Microscopic images of H. pluvialis microalgal cell wall disorders (A) healthy Haematococcus cysts (B) ruptured cysts after pretreatment (C) colorless Haematococcus cysts after the astaxanthin extraction process.

An adult H. pluvialis cystic cell with a high astaxanthin content has a resistant three-layer wall comprising approximately 16% of its dry cell weight. The cell wall consists of an outer sheath consisting of algae (a strong acetolysis-resistant aliphatic biopolymer), a very thick secondary layer below composed of cellulose and mannose with a homogeneous arrangement, and finally, inside a third wall consisting of cellulose and mannose, there is heterogeneity37,38,40. Hydrophilic imidazolium-based ionic liquids and deep eutectic solvents form the cellulose hydrogen bonding network in lignocellulosic and microalgal biomasses based on the mechanism of glycosidic bond hydrolysis through IL and DES (directly) and (indirectly) in the presence of hydroxy generated IL and DES. Oxygen and hydrogen atoms from OH groups in cellulose can form electron acceptor and donor complexes. The IL and DES anions combine to bind hydrogen atoms to cellulose by hydrogen bonding, while their cation interacts with oxygen atoms in cellulose through such bonding. In addition, IL and DES molecules can dissolve and separate water molecules and are further decomposed into hydronium and hydroxide ions. The resulting hydroxide anion can act as a nucleus on the carbon of the glucopyranoside unit. Through the synergistic effect of IL ions and hydroxides, the glycosidic bonds of cellulose can be effectively broken.

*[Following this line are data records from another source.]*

(* Let $D$ be a convex subset of a topological vector space $X$, $K$ a nonempty set, and $C$ a cone in a topological vector space $Y$. Let $f: D\times K\rightrightarrows Y$ and $g: D\times D\rightrightarrows Y$ be set-valued mappings satisfying: (i) for each $y\in K$, the set $\{x\in D: f(x,y)\subseteq C\}$ is compactly closed; (ii) for any nonempty finite subset $A$ of $D$ and all $z\in\operatorname{co}(A)$, there exists $x\in A$ such that $g(x,z)\subseteq -C$; (iii) for each $y\in K$ there exists $z\in D$ such that for all $x\in D$, $g(z,x)\subseteq -C$ implies $f(x,y)\subseteq C$; (iv) there exist a nonempty compact subset $M$ of $D$ and a finite subset $L$ of $K$ such that for each $x\in D\setminus M$ there exists $y\in L$ with $f(x,y)\not\subseteq C$. Then there exists $\bar x\in M$ such that $f(\bar x,y)\subseteq C$ for all $y\in K$.
   Context: A subset $A$ of a topological space $X$ is compactly closed if for every compact subset $M$ of $X$ the set $A\cap M$ is closed in $M$. $\operatorname{co}(A)$ denotes the convex hull of $A$. *)

theory Defs
  imports "HOL-Analysis.Analysis"
begin

definition tvs :: "'a::{real_vector,topological_space} itself \<Rightarrow> bool" where
  "tvs _ \<longleftrightarrow>
     continuous_on (UNIV :: ('a \<times> 'a) set) (\<lambda>p. fst p + snd p) \<and>
     continuous_on (UNIV :: (real \<times> 'a) set) (\<lambda>p. fst p *\<^sub>R snd p)"

definition compactly_closed :: "'a::topological_space set \<Rightarrow> bool" where
  "compactly_closed A \<longleftrightarrow> (\<forall>M. compact M \<longrightarrow> closedin (top_of_set M) (A \<inter> M))"

end

theory Submission
  imports Defs "HOL-Homology.Homology"
begin

(* For y in K choose z(y) in D by (iii). Conditions (ii) and (iii) say that y \<mapsto> z(y) is a KKM map
   for the compactly closed solution sets F(y) = {x \<in> D. f(x,y) \<subseteq> C}: the convex hull of
   {z(y) | y \<in> Y} lies in the union of the F(y), y \<in> Y, for every finite Y \<subseteq> K. Fan's KKM
   lemma in a topological vector space, obtained by pulling the sets back along the barycentric map
   of the standard simplex and applying Brouwer's theorem there, gives the finite intersection
   property. By (iv) the intersection over L plus one further index lies in the compact set M, so
   the traces of the F(y) on M have a common point.

   The simplex dimension depends on the finite subfamily, so Brouwer's theorem is needed in the
   coordinate spaces of nat \<Rightarrow> real rather than for a fixed euclidean type. It follows from the
   non-contractibility of the n-sphere: for a fixed-point-free self-map F of the n-ball the
   normalised displacement x - F x would be homotopic on the sphere both to the identity and to a
   constant. *)

section \<open>Brouwer's theorem for coordinate balls\<close>

lemma continuous_on_coordinate [continuous_intros]: "continuous_on S (\<lambda>x. x i)"
  by (rule continuous_on_subset[OF continuous_on_product_coordinates]) simp

(* Indices run over 0..n: nball n is the unit ball of R^(n+1), bounded by the n-sphere nsphere n. *)
definition sqnorm :: "nat \<Rightarrow> (nat \<Rightarrow> real) \<Rightarrow> real" where
  "sqnorm n x = (\<Sum>i\<le>n. (x i)\<^sup>2)"

definition nball :: "nat \<Rightarrow> (nat \<Rightarrow> real) set" where
  "nball n = {x. sqnorm n x \<le> 1 \<and> (\<forall>i>n. x i = 0)}"

definition nnormalize :: "nat \<Rightarrow> (nat \<Rightarrow> real) \<Rightarrow> nat \<Rightarrow> real" where
  "nnormalize n x = (\<lambda>i. x i / sqrt (sqnorm n x))"

lemma topspace_nsphere_sqnorm:
  "topspace (nsphere n) = {x. sqnorm n x = 1 \<and> (\<forall>i>n. x i = 0)}"
  by (simp add: nsphere sqnorm_def)

lemma not_contractible_topspace_nsphere: "\<not> contractible (topspace (nsphere n))"
proof -
  have "nsphere n = top_of_set (topspace (nsphere n))"
    by (simp add: nsphere euclidean_product_topology)
  then show ?thesis
    using non_contractible_space_nsphere[of n] by (metis contractible_space_top_of_set)
qed

lemma sqnorm_scale: "sqnorm n (\<lambda>i. c * x i) = c\<^sup>2 * sqnorm n x"
  by (simp add: sqnorm_def sum_distrib_left power_mult_distrib)

lemma sqnorm_pos:
  assumes "\<forall>i>n. x i = 0" "x \<noteq> (\<lambda>_. 0)"
  shows "0 < sqnorm n x"
proof -
  obtain j where j: "x j \<noteq> 0" using assms(2) by auto
  with assms(1) have "j \<le> n" by (meson not_le)
  then have "(x j)\<^sup>2 \<le> sqnorm n x"
    unfolding sqnorm_def by (intro member_le_sum) auto
  moreover have "0 < (x j)\<^sup>2" using j by simp
  ultimately show ?thesis by linarith
qed

lemma continuous_on_sqnorm: "continuous_on S (sqnorm n)"
  unfolding sqnorm_def by (intro continuous_intros)

lemma nnormalize_in_nsphere:
  assumes "\<forall>i>n. x i = 0" "x \<noteq> (\<lambda>_. 0)"
  shows "nnormalize n x \<in> topspace (nsphere n)"
proof -
  have pos: "0 < sqnorm n x" using sqnorm_pos[OF assms] .
  have "sqnorm n (nnormalize n x) = sqnorm n x / sqnorm n x"
    using pos by (simp add: sqnorm_def nnormalize_def power_divide flip: sum_divide_distrib)
  with pos assms(1) show ?thesis
    by (simp add: topspace_nsphere_sqnorm nnormalize_def)
qed

lemma nnormalize_nsphere: "x \<in> topspace (nsphere n) \<Longrightarrow> nnormalize n x = x"
  by (simp add: topspace_nsphere_sqnorm nnormalize_def)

Reuse of deep eutectic solvent

The reuse of deep eutectic solvents is essential to reducing costs. For this purpose, reuse studies were performed using the same primary eutectic solvent for the pre-treatment of four new H. pluvialis cells. DES efficacy was tested by measuring the ability of DES to penetrate cells, resulting in the release of astaxanthin. The amount of astaxanthin that could be reused using DES was comparable to the control. DES can be used three times without any treatment or affecting the permeability performance. A decrease in permeability efficiency was observed when used for the fourth time for cell permeability. The deep eutectic solvent-rich layer was tested for the presence of pigment after each reuse, and it was observed that the amount of pigment in the DES phase after the three reuse cycles was negligible. The performance of recycled DES is shown in Fig. 8.

Figure 8
figure 8

Performance of recycled DES.

Conclusion

In this study, new two-phase systems based on deep eutectic solvent systems No. 1 (Ch. Cl/Urea + \({{\text{K}}}_{2}{{\text{HPO}}}_{4}\)+\({H}_{2}O\)) and No. 2 (Ch. Cl/Glucose + \({{\text{K}}}_{2}{{\text{HPO}}}_{4}\)+\({H}_{2}O\)) were presented to investigate the degradation of the cell wall of H. pluvialis. Were. The results showed that the system containing a deep eutectic solvent (choline chloride–urea) had a better binodal curve and fuzzy separation ability. To investigate the cell wall degradation by the studied systems, five feeds with different combinations of percentages were considered for each system, and the pH of all systems was set at 7.5. Also, the effect of parameters such as temperature, pH, the weight percentage of the deep autistic solvent, and dipotassium dihydrogen phosphate salt on the distribution coefficient was investigated. The results showed that with increasing the weight percentage of deep eutectic solvent and dipotassium hydrogen phosphate salt, the distribution coefficient also increased. Increasing the temperature also has a positive effect on the process of cell wall degradation and increases the distribution coefficient, but it is important to note that high temperatures cause the degradation of lipids and astaxanthin. The extraction mechanism was investigated by UV, FTIR, and light microscopy analyses to ensure that the studied systems did not degrade astaxanthin. In the best operating conditions, the distribution coefficient and recovery percentage of astaxanthin for system number 1 were 341.58 and 99.64%, respectively, and for system number 2, they were 274.25 and 99.62%, respectively. Finally, after reviewing all the analyses and results, it can be claimed that both systems have a very high potential for degradation of the cell wall of the microalgae H. pluvialis and facilitate the next process, which is liquid–liquid extraction.